5.2 The Essence of Tidy Data
The often-quoted statistic in data analysis is that 80% of the work involves cleaning and preparing the data, a task that is not just a preliminary step but a continuous necessity throughout the analytical process. As new challenges emerge or additional data is gathered, the cycle of cleaning and preparation repeats. This chapter delves into a crucial subset of data cleaning known as data tidying, which is the practice of structuring datasets to streamline analysis.
Data tidying is underpinned by a set of principles that provide a standardized approach to organizing the values within a dataset. Such a standard is invaluable as it simplifies the initial stages of data cleaning, eliminating the need to reinvent procedures for each new dataset.
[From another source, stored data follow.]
lemma Re_primitive_d_minimal:
  fixes f :: "complex \<Rightarrow> real^3"
  assumes U: "open U"
    and Q: "\<And>z. z \<in> U \<Longrightarrow> (Q1 has_field_derivative p1 z) (at z)"
      "\<And>z. z \<in> U \<Longrightarrow> (Q2 has_field_derivative p2 z) (at z)"
      "\<And>z. z \<in> U \<Longrightarrow> (Q3 has_field_derivative p3 z) (at z)"
    and H: "p1 holomorphic_on U" "p2 holomorphic_on U" "p3 holomorphic_on U"
    and null: "\<forall>w\<in>U. (cmod (p1 w))\<^sup>2 + (cmod (p2 w))\<^sup>2 > 0 \<and> (p1 w)\<^sup>2 + (p2 w)\<^sup>2 = 0"
    and f: "f = (\<lambda>w. vector [Re (Q1 w), Re (Q2 w), Re (Q3 w)])"
  shows "nondeg_immersion U f \<and> d_minimal U f \<and> isothermal U f \<and>
    (\<forall>w\<in>U. p1 w = phi f 1 w \<and> p2 w = phi f 2 w \<and> p3 w = phi f 3 w)"
proof -
  have QH: "Q1 holomorphic_on U" "Q2 holomorphic_on U" "Q3 holomorphic_on U"
    using Q U by (auto simp: holomorphic_on_open)
  have fU: "\<forall>z\<in>U. f z = vector [Re (Q1 z), Re (Q2 z), Re (Q3 z)]"
    using f by simp
  have sm: "smooth_on U f"
    using smooth_on_Re_vector3[OF U fU QH] .
  have df: "f differentiable (at z)" if "z \<in> U" for z
    using differentiable_Re_vector3[OF U that fU QH] .
  have pdf: "pd k f z = vector [Re (dir k * p1 z), Re (dir k * p2 z), Re (dir k * p3 z)]"
    if "z \<in> U" for k z
  proof -
    have "deriv Q1 z = p1 z" "deriv Q2 z = p2 z" "deriv Q3 z = p3 z"
      using Q that by (simp_all add: DERIV_imp_deriv)
    then show ?thesis
      using pd_Re_vector3[OF U that fU QH, of k] by simp
  qed
  have phi: "phi f 1 w = p1 w" "phi f 2 w = p2 w" "phi f 3 w = p3 w" if "w \<in> U" for w
    using phi_eq[OF df[OF that]] pdf[OF that] by (simp_all add: dir_def complex_eq_iff)
  have "gmet f 0 0 w = gmet f 1 1 w \<and> gmet f 0 1 w = 0" and pos: "gmet f 0 0 w > 0"
    if w: "w \<in> U" for w
  proof -
    have "gmet f 0 0 w + gmet f 1 1 w > 0"
      using phi_norm_sum[OF df[OF w]] phi[OF w] null[rule_format, OF w] by simp
    moreover have "Complex (gmet f 0 0 w - gmet f 1 1 w) (- 2 * gmet f 0 1 w) = 0"
      using phi_square_sum[OF df[OF w]] phi[OF w] null[rule_format, OF w] by simp
    ultimately show "gmet f 0 0 w = gmet f 1 1 w \<and> gmet f 0 1 w = 0" "gmet f 0 0 w > 0"
      by (simp_all add: complex_eq_iff)
  qed
  then have iso: "isothermal U f"
    by (simp add: isothermal_def)
  have "\<forall>w\<in>U. pd 0 (pd 0 f) w + pd 1 (pd 1 f) w = 0"
  proof
    fix w assume w: "w \<in> U"
    have hol: "(\<lambda>z. dir j * p z) holomorphic_on U" if "p holomorphic_on U" for j p
      using that by (intro holomorphic_on_mult holomorphic_on_const)
    have deriv: "deriv (\<lambda>z. dir j * p z) w = dir j * deriv p w" if "p holomorphic_on U" for j p
      by (rule deriv_cmult) (use holomorphic_on_imp_differentiable_at[OF that U w] in simp)
    have "pd i (pd j f) w = vector [Re (dir i * (dir j * deriv p1 w)),
        Re (dir i * (dir j * deriv p2 w)), Re (dir i * (dir j * deriv p3 w))]" for i j
    proof -
      have "\<forall>z\<in>U. pd j f z = vector [Re ((\<lambda>z. dir j * p1 z) z), Re ((\<lambda>z. dir j * p2 z) z),
          Re ((\<lambda>z. dir j * p3 z) z)]"
        using pdf by simp
      from pd_Re_vector3[OF U w this hol[OF H(1)] hol[OF H(2)] hol[OF H(3)], of i]
      show ?thesis
        by (simp only: deriv[OF H(1)] deriv[OF H(2)] deriv[OF H(3)])
    qed
    then show "pd 0 (pd 0 f) w + pd 1 (pd 1 f) w = 0"
      by (simp add: dir_def vec_eq_iff forall_3)
  qed
  then have "d_minimal U f"
    using d_minimal_iff_harmonic[OF U sm iso pos] by blast
  then show ?thesis
    using nondeg_immersion_if_isothermal[OF sm iso pos] iso phi by simp
qed
lemma has_powser_expansion_DERIV:
  assumes f: "has_powser_expansion x r a f" and y: "\<bar>y - x\<bar> < r"
  shows "(f has_real_derivative (\<Sum>n. diffs a n * (y - x) ^ n)) (at y)"
    and "(\<lambda>n. diffs a n * (y - x) ^ n) sums deriv f y"
proof -
  have summable: "summable (\<lambda>n. a n * z ^ n)" if "\<bar>z\<bar> < r" for z
  proof -
    have "(\<lambda>n. a n * ((x + z) - x) ^ n) sums f (x + z)"
      using f that unfolding has_powser_expansion_def by (metis add_diff_cancel_left')
    then show ?thesis by (simp add: sums_iff)
  qed
  define K where "K = (\<bar>y - x\<bar> + r) / 2"
  have "\<bar>y - x\<bar> < K" "K < r" using y by (auto simp: K_def)
  then have "DERIV (\<lambda>z. \<Sum>n. a n * z ^ n) (y - x) :> (\<Sum>n. diffs a n * (y - x) ^ n)"
    by (intro termdiffs_strong[OF summable[of K]]) auto
  then have "DERIV (\<lambda>t. \<Sum>n. a n * (t - x) ^ n) y :> (\<Sum>n. diffs a n * (y - x) ^ n)"
    using DERIV_shift[of "\<lambda>z. \<Sum>n. a n * z ^ n" _ y "- x"] by simp
  then show DERIV_f: "(f has_real_derivative (\<Sum>n. diffs a n * (y - x) ^ n)) (at y)"
  proof (rule has_field_derivative_transform_within_open)
    show "open {t. \<bar>t - x\<bar> < r}" by (intro open_Collect_less continuous_intros)
  qed (use f y in \<open>auto simp: has_powser_expansion_def sums_iff\<close>)
  have "summable (\<lambda>n. diffs a n * (y - x) ^ n)"
    by (rule termdiff_converges[of _ r]) (use y summable in auto)
  then show "(\<lambda>n. diffs a n * (y - x) ^ n) sums deriv f y"
    using DERIV_imp_deriv[OF DERIV_f] by (simp add: summable_sums)
qed

lemma has_powser_expansion_deriv:
  "has_powser_expansion x r a f \<Longrightarrow> has_powser_expansion x r (diffs a) (deriv f)"
  using has_powser_expansion_DERIV(2) unfolding has_powser_expansion_def by blast

lemma has_powser_expansion_higher_deriv:
  "has_powser_expansion x r a f \<Longrightarrow> has_powser_expansion x r ((diffs ^^ k) a) ((deriv ^^ k) f)"
  by (induction k) (auto intro: has_powser_expansion_deriv)

lemma funpow_diffs: "(diffs ^^ k) a n = fact (n + k) / fact n * (a (n + k) :: real)"
proof (induction k arbitrary: n)
  case (Suc k)
  have "(diffs ^^ Suc k) a n = of_nat (Suc n) * (diffs ^^ k) a (Suc n)"
    by (simp add: diffs_def)
  also have "\<dots> = of_nat (Suc n) * (fact (Suc n + k) / fact (Suc n)) * a (Suc n + k)"
    using Suc by simp
  also have "\<dots> = fact (n + Suc k) / fact n * a (n + Suc k)"
    by (simp add: field_simps del: of_nat_Suc)
  finally show ?case .
qed simp

lemma has_powser_expansion_higher_deriv_center:
  assumes "has_powser_expansion x r a f" and "r > 0"
  shows "(deriv ^^ k) f x = fact k * a k"
proof -
  have "(\<lambda>n. (diffs ^^ k) a n * (x - x) ^ n) sums (deriv ^^ k) f x"
    using has_powser_expansion_higher_deriv[OF assms(1)] assms(2)
    unfolding has_powser_expansion_def by (metis abs_zero diff_self)
  then have "(deriv ^^ k) f x = (diffs ^^ k) a 0"
    using powser_zero sums_unique by (metis diff_self)
  then show ?thesis by (simp add: funpow_diffs)
qed

lemma real_analytic_DERIV:
  assumes "real_analytic f"
  shows "(f has_real_derivative deriv f x) (at x)"
proof -
  obtain r a where "r > 0" and "has_powser_expansion x r a f"
    using assms unfolding real_analytic_iff_powser by blast
  from has_powser_expansion_DERIV(1)[OF this(2), of x] this(1)
  have DERIV_f: "(f has_real_derivative (\<Sum>n. diffs a n * (x - x) ^ n)) (at x)" by simp
  then show ?thesis by (simp only: DERIV_imp_deriv[OF DERIV_f])
qed

lemma real_analytic_deriv: "real_analytic f \<Longrightarrow> real_analytic (deriv f)"
  unfolding real_analytic_iff_powser using has_powser_expansion_deriv by blast

lemma real_analytic_higher_deriv: "real_analytic f \<Longrightarrow> real_analytic ((deriv ^^ k) f)"
  by (induction k) (auto intro: real_analytic_deriv)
The tidy data paradigm is designed to ease the exploration and analysis of data, as well as the development of analysis tools that are interoperable, reducing the time spent on translating outputs from one tool to input for another. Tidy datasets and tools that adhere to this standard work in tandem, allowing analysts to concentrate on the substantive questions of their domain rather than the logistical hurdles of data manipulation.
5.2.1 Defining Tidy Data
The concept of tidy data draws an analogy to Leo Tolstoy’s observation about families: while every tidy dataset shares common characteristics, each messy dataset is unique in its disorder. Tidy datasets align the dataset’s structure—its physical layout—with its semantics—the meaning of its data. This alignment involves a clear vocabulary for describing data structure and semantics, leading to a definition of tidy data.
5.2.1.1 Data Structure
Statistical datasets are typically structured as data frames, consisting of rows and columns, with columns usually labeled and rows occasionally so. However, the mere description of data in terms of rows and columns is insufficient to capture the essence of a dataset’s structure, as the same data can be organized in various layouts without altering its underlying meaning.
5.2.1.2 Data Semantics
A dataset comprises values, which can be numbers (quantitative) or strings (qualitative), organized by variables and observations. A variable groups all values measuring the same attribute across different units, while an observation aggregates all values from the same unit across various attributes.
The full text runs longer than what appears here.